ANYHOW, introspective post after the jump as usual! Read ON, cats n kittens, or skip it because what do you care?


I'm a work in progress, but I'm also making progress, is the tl/dr of this entry.

While I certainly hope I have much more growing and learning to do – ever pushing for more kindness, more empathy, more peace within and without – today felt like a very, very good milestone on this weirdzo little journey I’m on. That’s what today’s post is about.

All day long, my plans were a bit off track: I got up later than I’d planned, missed breakfast, arrived at a distillery just too late for the tour I'd planned around and had to wait for a later, more expensive one. Had to scrap a plan to visit The Lighthouse. Three spots I stopped for a meal were closed. A museum that I’d been looking forward to was… also closed. And eventually I missed the last train back to Sarah and Mark’s flat.

Typing that up, it's kind of: small, simple, easy. Made-up problems. The thing is, last year, in the thick of an insane amount of stress, anxiety, and depression, small things like this - smaller than this - threw me off a cliff and I had no sense of how to climb back up it. Faced with the knowledge of how tenuous my financial situation was, how precarious my academic progress felt, eventually how precarious my marriage felt, these little failures or missteps felt debilitating, an in-the-moment confirmation that Things Really Are Spiraling Out Of Control. I have a sense memory of how helpless and frustrating that felt. 

But you know – today, this was all fine. Being in the world was enough – every dopey setback and pointless 30 minute side trek was just A Thing That Happened.

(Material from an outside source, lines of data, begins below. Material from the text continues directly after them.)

lemma regularCard_cofinal_fiber:
  assumes W: "Card_order W" "regularCard W" "\<not> finite (Field W)"
    and B: "|B| <o W" and g: "g ` Field W \<subseteq> B"
  shows "\<exists>y\<in>B. cofinal {\<xi> \<in> Field W. g \<xi> = y} W"
proof (rule ccontr)
  have wo: "wo_rel W" using W(1) by (simp add: card_order_on_well_order_on wo_rel_def)
  assume no_cofinal: "\<not> ?thesis"
  have "\<exists>c. c \<in> Field W \<and> (\<forall>\<xi>\<in>Field W. g \<xi> = y \<longrightarrow> (\<xi>, c) \<in> W)" if y: "y \<in> B" for y
  proof -
    obtain c where c: "c \<in> Field W" "\<And>\<xi>. \<xi> \<in> Field W \<Longrightarrow> g \<xi> = y \<Longrightarrow> \<not> (c \<noteq> \<xi> \<and> (c, \<xi>) \<in> W)"
      using no_cofinal y unfolding cofinal_def by auto
    have "(\<xi>, c) \<in> W" if "\<xi> \<in> Field W" "g \<xi> = y" for \<xi>
      using c that by (intro wo_rel.in_notinI[OF wo]) auto
    with c(1) show ?thesis by blast
  qed
  then obtain bound where bound: "\<And>y. y \<in> B \<Longrightarrow> bound y \<in> Field W"
    "\<And>y \<xi>. y \<in> B \<Longrightarrow> \<xi> \<in> Field W \<Longrightarrow> g \<xi> = y \<Longrightarrow> (\<xi>, bound y) \<in> W"
    by (metis (lifting))
  have "\<not> cofinal (bound ` B) W"
  proof
    assume "cofinal (bound ` B) W"
    then have "|bound ` B| =o W" using W(2) bound(1) unfolding regularCard_def by blast
    moreover have "|bound ` B| <o W" using card_of_image B by (rule ordLeq_ordLess_trans)
    ultimately show False using not_ordLess_ordIso by blast
  qed
  then obtain c where c: "c \<in> Field W" "\<And>y. y \<in> B \<Longrightarrow> \<not> (c \<noteq> bound y \<and> (c, bound y) \<in> W)"
    unfolding cofinal_def by auto
  have below_c: "(bound y, c) \<in> W" if "y \<in> B" for y
    using c bound(1) that by (intro wo_rel.in_notinI[OF wo]) auto
  have "\<not> Field W \<subseteq> under W c"
    using Card_order_infinite_not_under[OF W(1,3)] under_Field[of W c] by blast
  then obtain \<xi> where \<xi>: "\<xi> \<in> Field W" "(\<xi>, c) \<notin> W"
    unfolding under_def by blast
  have "(\<xi>, bound (g \<xi>)) \<in> W" "(bound (g \<xi>), c) \<in> W"
    using bound(2) below_c g \<xi>(1) by auto
  with \<xi>(2) show False using wo_rel.TRANS[OF wo] unfolding trans_def by blast
qed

I didn't need to be in control of anything; failures were funny little detours. And somehow, even amidst all the misfires I never lost the sense of Glasgow being a special place, someplace that instinctively seems right to me. It was now – though it has not always been – easy to see the day through the prism of all the moments of joy and discovery and fun rather than the bits that didn’t go off just as I thought they would. That feels like a core part of myself that I’m getting back, and it’s great to find it there again.

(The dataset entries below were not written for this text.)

(* Let $n\ge 0$. For a noncrossing linked partition $\pi$ of $[n+1]$, define a lattice path $\phi(\pi)$ starting at $(0,0)$ with steps $N=(0,1)$, $E=(1,0)$, $D=(1,1)$ as follows. For $i=0,1,\dots,n-1$ in turn (the path being on the vertical line $x=i$): Step 1: if $i+1$ is the minimum of a block $B$ of $\pi$ with $|B|=k$, perform $k-1$ $N$-steps (otherwise perform none); Step 2: perform one $D$-step if $i+2$ is a singly covered minimal element of $\pi$, and one $E$-step otherwise. Then $\phi(\pi)$ is a Schröder path of length $n$, and $\phi$ is a bijection from the set of noncrossing linked partitions of $[n+1]$ to the set of Schröder paths of length $n$.
   Context: Two finite sets of integers $E,F$ are nearly disjoint if for every $i\in E\cap F$ either ($i=\min(E)$, $|E|>1$, $i\ne\min(F)$) or ($i=\min(F)$, $|F|>1$, $i\ne\min(E)$). A linked partition of $[n]$ is a set of nonempty subsets (blocks) of $[n]$ with union $[n]$, any two distinct blocks nearly disjoint; it is noncrossing if there are no two distinct blocks $B,B'$ and $a,c\in B$, $b,d\in B'$ with $a<b<c<d$. In a linked partition each element lies in exactly one or exactly two blocks; it is called singly covered or doubly covered accordingly. An element $i$ is a minimal element of $\pi$ if it is the minimum of some block; it is a singly covered minimal element if in addition it is singly covered. A Schröder path of length $n$ is a lattice path from $(0,0)$ to $(n,n)$ with steps $(1,0)$, $(0,1)$, $(1,1)$ that never goes below the line $y=x$. *)

theory Defs
  imports Main
begin

definition nearly_disjoint :: "nat set \<Rightarrow> nat set \<Rightarrow> bool" where
  "nearly_disjoint E F \<longleftrightarrow>
     (\<forall>i \<in> E \<inter> F.
        (i = Min E \<and> card E > 1 \<and> i \<noteq> Min F) \<or>
        (i = Min F \<and> card F > 1 \<and> i \<noteq> Min E))"

definition linked_partition :: "nat \<Rightarrow> nat set set \<Rightarrow> bool" where
  "linked_partition n \<pi> \<longleftrightarrow>
     (\<forall>B \<in> \<pi>. B \<noteq> {} \<and> B \<subseteq> {1..n}) \<and>
     \<Union>\<pi> = {1..n} \<and>
     (\<forall>B \<in> \<pi>. \<forall>B' \<in> \<pi>. B \<noteq> B' \<longrightarrow> nearly_disjoint B B')"

definition noncrossing :: "nat set set \<Rightarrow> bool" where
  "noncrossing \<pi> \<longleftrightarrow>
     \<not> (\<exists>B \<in> \<pi>. \<exists>B' \<in> \<pi>. B \<noteq> B' \<and>
          (\<exists>a \<in> B. \<exists>c \<in> B. \<exists>b \<in> B'. \<exists>d \<in> B'. a < b \<and> b < c \<and> c < d))"

definition noncrossing_linked_partition :: "nat \<Rightarrow> nat set set \<Rightarrow> bool" where
  "noncrossing_linked_partition n \<pi> \<longleftrightarrow> linked_partition n \<pi> \<and> noncrossing \<pi>"

definition singly_covered :: "nat set set \<Rightarrow> nat \<Rightarrow> bool" where
  "singly_covered \<pi> i \<longleftrightarrow> card {B \<in> \<pi>. i \<in> B} = 1"

definition minimal_element :: "nat set set \<Rightarrow> nat \<Rightarrow> bool" where
  "minimal_element \<pi> i \<longleftrightarrow> (\<exists>B \<in> \<pi>. i = Min B)"

definition singly_covered_minimal :: "nat set set \<Rightarrow> nat \<Rightarrow> bool" where
  "singly_covered_minimal \<pi> i \<longleftrightarrow> minimal_element \<pi> i \<and> singly_covered \<pi> i"

datatype step = N | E | D

fun dx :: "step \<Rightarrow> nat" where
  "dx N = 0" | "dx E = 1" | "dx D = 1"

fun dy :: "step \<Rightarrow> nat" where
  "dy N = 1" | "dy E = 0" | "dy D = 1"

definition xcoord :: "step list \<Rightarrow> nat" where
  "xcoord p = sum_list (map dx p)"

definition ycoord :: "step list \<Rightarrow> nat" where
  "ycoord p = sum_list (map dy p)"

definition schroeder_path :: "nat \<Rightarrow> step list \<Rightarrow> bool" where
  "schroeder_path n p \<longleftrightarrow>
     xcoord p = n \<and> ycoord p = n \<and>
     (\<forall>k \<le> length p. xcoord (take k p) \<le> ycoord (take k p))"

definition phi_step1 :: "nat set set \<Rightarrow> nat \<Rightarrow> step list" where
  "phi_step1 \<pi> i =
     (if \<exists>B \<in> \<pi>. Min B = i + 1
      then replicate (card (THE B. B \<in> \<pi> \<and> Min B = i + 1) - 1) N
      else [])"

definition phi_step2 :: "nat set set \<Rightarrow> nat \<Rightarrow> step list" where
  "phi_step2 \<pi> i = (if singly_covered_minimal \<pi> (i + 2) then [D] else [E])"

definition phi :: "nat \<Rightarrow> nat set set \<Rightarrow> step list" where
  "phi n \<pi> = concat (map (\<lambda>i. phi_step1 \<pi> i @ phi_step2 \<pi> i) [0..<n])"

end

theory Submission
  imports Defs
begin

text \<open>
  Read \<open>phi n \<pi>\<close> column by column: column \<open>i\<close> has one \<open>N\<close>-step for every element of the
  block with minimum \<open>i + 1\<close> other than that minimum (its children), and ends with \<open>D\<close> or \<open>E\<close>
  according to whether \<open>i + 2\<close> is a singly covered minimum. Every element that is not a
  singly covered minimum is the child of exactly one smaller element, so after \<open>k\<close> columns the
  path has height at least \<open>k\<close>, with equality after \<open>n\<close> columns: \<open>phi n \<pi>\<close> is a
  Schroeder path.

  Noncrossing forces the parent of \<open>x\<close> to be the largest \<open>a < x\<close> that still has a child
  \<open>\<ge> x\<close>. Hence the parents, and with them the partition, are recovered greedily from the child
  counts and the singly covered minima, i.e. from the path. Conversely, applied to any Schroeder
  path, the same greedy rule always finds a parent (staying above the diagonal is exactly the
  ballot condition needed for this) and produces a noncrossing linked partition that is mapped
  back to the path.
\<close>

section \<open>Lattice paths as sequences of columns\<close>

lemma xcoord_Nil [simp]: "xcoord [] = 0"
  and xcoord_Cons [simp]: "xcoord (s # p) = dx s + xcoord p"
  and xcoord_append [simp]: "xcoord (p @ q) = xcoord p + xcoord q"
  by (simp_all add: xcoord_def)

lemma ycoord_Nil [simp]: "ycoord [] = 0"
  and ycoord_Cons [simp]: "ycoord (s # p) = dy s + ycoord p"
  and ycoord_append [simp]: "ycoord (p @ q) = ycoord p + ycoord q"
  by (simp_all add: ycoord_def)

lemma xcoord_replicate_N [simp]: "xcoord (replicate k N) = 0"
  and ycoord_replicate_N [simp]: "ycoord (replicate k N) = k"
  by (induction k) simp_all

definition column :: "nat \<Rightarrow> bool \<Rightarrow> step list" where
  "column h diag = replicate h N @ [if diag then D else E]"

definition columns :: "(nat \<Rightarrow> nat) \<Rightarrow> (nat \<Rightarrow> bool) \<Rightarrow> nat \<Rightarrow> step list" where
  "columns h d n = concat (map (\<lambda>i. column (h i) (d i)) [0..<n])"

lemma columns_0 [simp]: "columns h d 0 = []"
  by (simp add: columns_def)

lemma columns_Suc: "columns h d (Suc n) = columns h d n @ column (h n) (d n)"
  by (simp add: columns_def)

lemma columns_Suc_shift:
  "columns h d (Suc n) = column (h 0) (d 0) @ columns (\<lambda>i. h (Suc i)) (\<lambda>i. d (Suc i)) n"
  by (simp add: columns_def upt_conv_Cons map_Suc_upt[symmetric] o_def del: upt_Suc)

lemma columns_cong:
  "(\<And>i. i < n \<Longrightarrow> h i = h' i \<and> d i = d' i) \<Longrightarrow> columns h d n = columns h' d' n"
  unfolding columns_def by (intro arg_cong[where f = concat] map_cong) auto

lemma xcoord_column [simp]: "xcoord (column h b) = 1"
  and ycoord_column [simp]: "ycoord (column h b) = h + (if b then 1 else 0)"
  by (simp_all add: column_def)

And the day ended beautifully: sampling Scotch whisky with two fantastically lovely Canadians (Francis and Amanda) who asked to share my table at the crowded, totally superb Pot Still. They turned out to be generous, thoughtful conversational partners. They’re just a couple of days into their own travels, touring a ton of distilleries in Scotland before hopping over to the continent for a bit more travel, and had much to say not just on whisky but on travel, on Trump and American politics as viewed from Up North, on how we organize our lives, and much more. They were superb, and the decision to have one more dram with them was well worth my inadvertently missing the last train home.

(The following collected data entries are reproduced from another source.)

(* There is a deterministic distributed dynamic data structure for robust $2$-hop neighborhood listing which handles edge insertions and deletions in $O(1)$ amortized rounds.
   Context: Highly dynamic network model: a synchronous network on a fixed set $V$ of $n$ nodes with unique identifiers starts as the empty graph; at the beginning of round $i$ the graph is $G_i=(V,E_i)$, obtained from the previous graph by an adversary inserting and/or deleting an arbitrary (unbounded) set of edges. At the start of each round every node is notified only of the insertions/deletions of edges incident to it; then each node may send a message of $O(\log n)$ bits to each of its current neighbors. A distributed dynamic data structure consists of a local part $DS_v$ at each node $v$; at the end of every round, $DS_v$ may be queried and must answer immediately, without any further communication, either correctly or with $\texttt{inconsistent}$. The amortized round complexity is at most $c$ if for every round $i$, the number of rounds up to round $i$ in which at least one node $v$ has $DS_v$ in an inconsistent state, divided by the total number of topology changes that occurred up to round $i$, is at most $c$. For an edge $e$, its insertion time $t_e$ is the latest round in which $e$ was inserted (initially $-1$). An edge $e=\{u,w\}$ of $G_i$ is $(v,i)$-robust if $v\in e$, or $\{v,u\}\in E_i$ and $t_e\geq t_{\{v,u\}}$, or $\{v,w\}\in E_i$ and $t_e\geq t_{\{v,w\}}$. Robust $2$-hop neighborhood listing: at the end of round $i$, $DS_v$ must respond to a query $\{u,w\}$ with $\texttt{true}$ if the edge is $(v,i)$-robust, $\texttt{false}$ if it is not, or $\texttt{inconsistent}$. *)

theory Defs
  imports Complex_Main
begin

text \<open>
  Nodes are natural numbers (their unique identifiers).
  An adversary is a sequence of edge sets E :: nat \<Rightarrow> nat set set, where E 0 = {} is the
  initial (empty) graph and E (Suc i) is the graph G_(i+1) at the beginning of round i+1.
  Edges are 2-element subsets of V.
\<close>

type_synonym msg = "bool list"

And that’s the thing: I missed the train, but it meant I had a beautiful walk home with barely a car on the road. My lunch plans fell through (twice!) but that meant I got to see an adorably polite French Kristen Bell trying to negotiate for Indian food with no spices while a horrified British woman two tables over tried to lecture her – entirely out of concern – on what you must expect with Indian food. My museum was closed, but that meant I got to inadvertently see a horde of Glasgow Uni students rushing nervously to final exams in their Harry Potter-esque classrooms. My distillery tour was delayed and a bit more pricey, but it meant that I got to know my guide and chat about how he and I came to where we are now. (It also led to a few extra tastes, and the Pot Still recommendation that led me to my evening with Francis and Amanda.)

And somehow, with patience, the love and support of friends, and the world-expanding work of this trip, I am finding my way back to who I like to be. And to a mode of experiencing the world that insists on joy and possibility. It feels good. I’m excited to keep building that muscle as I tumble and flail through these coming final weeks of the trip. Wah, but also hoo, y’know what I mean?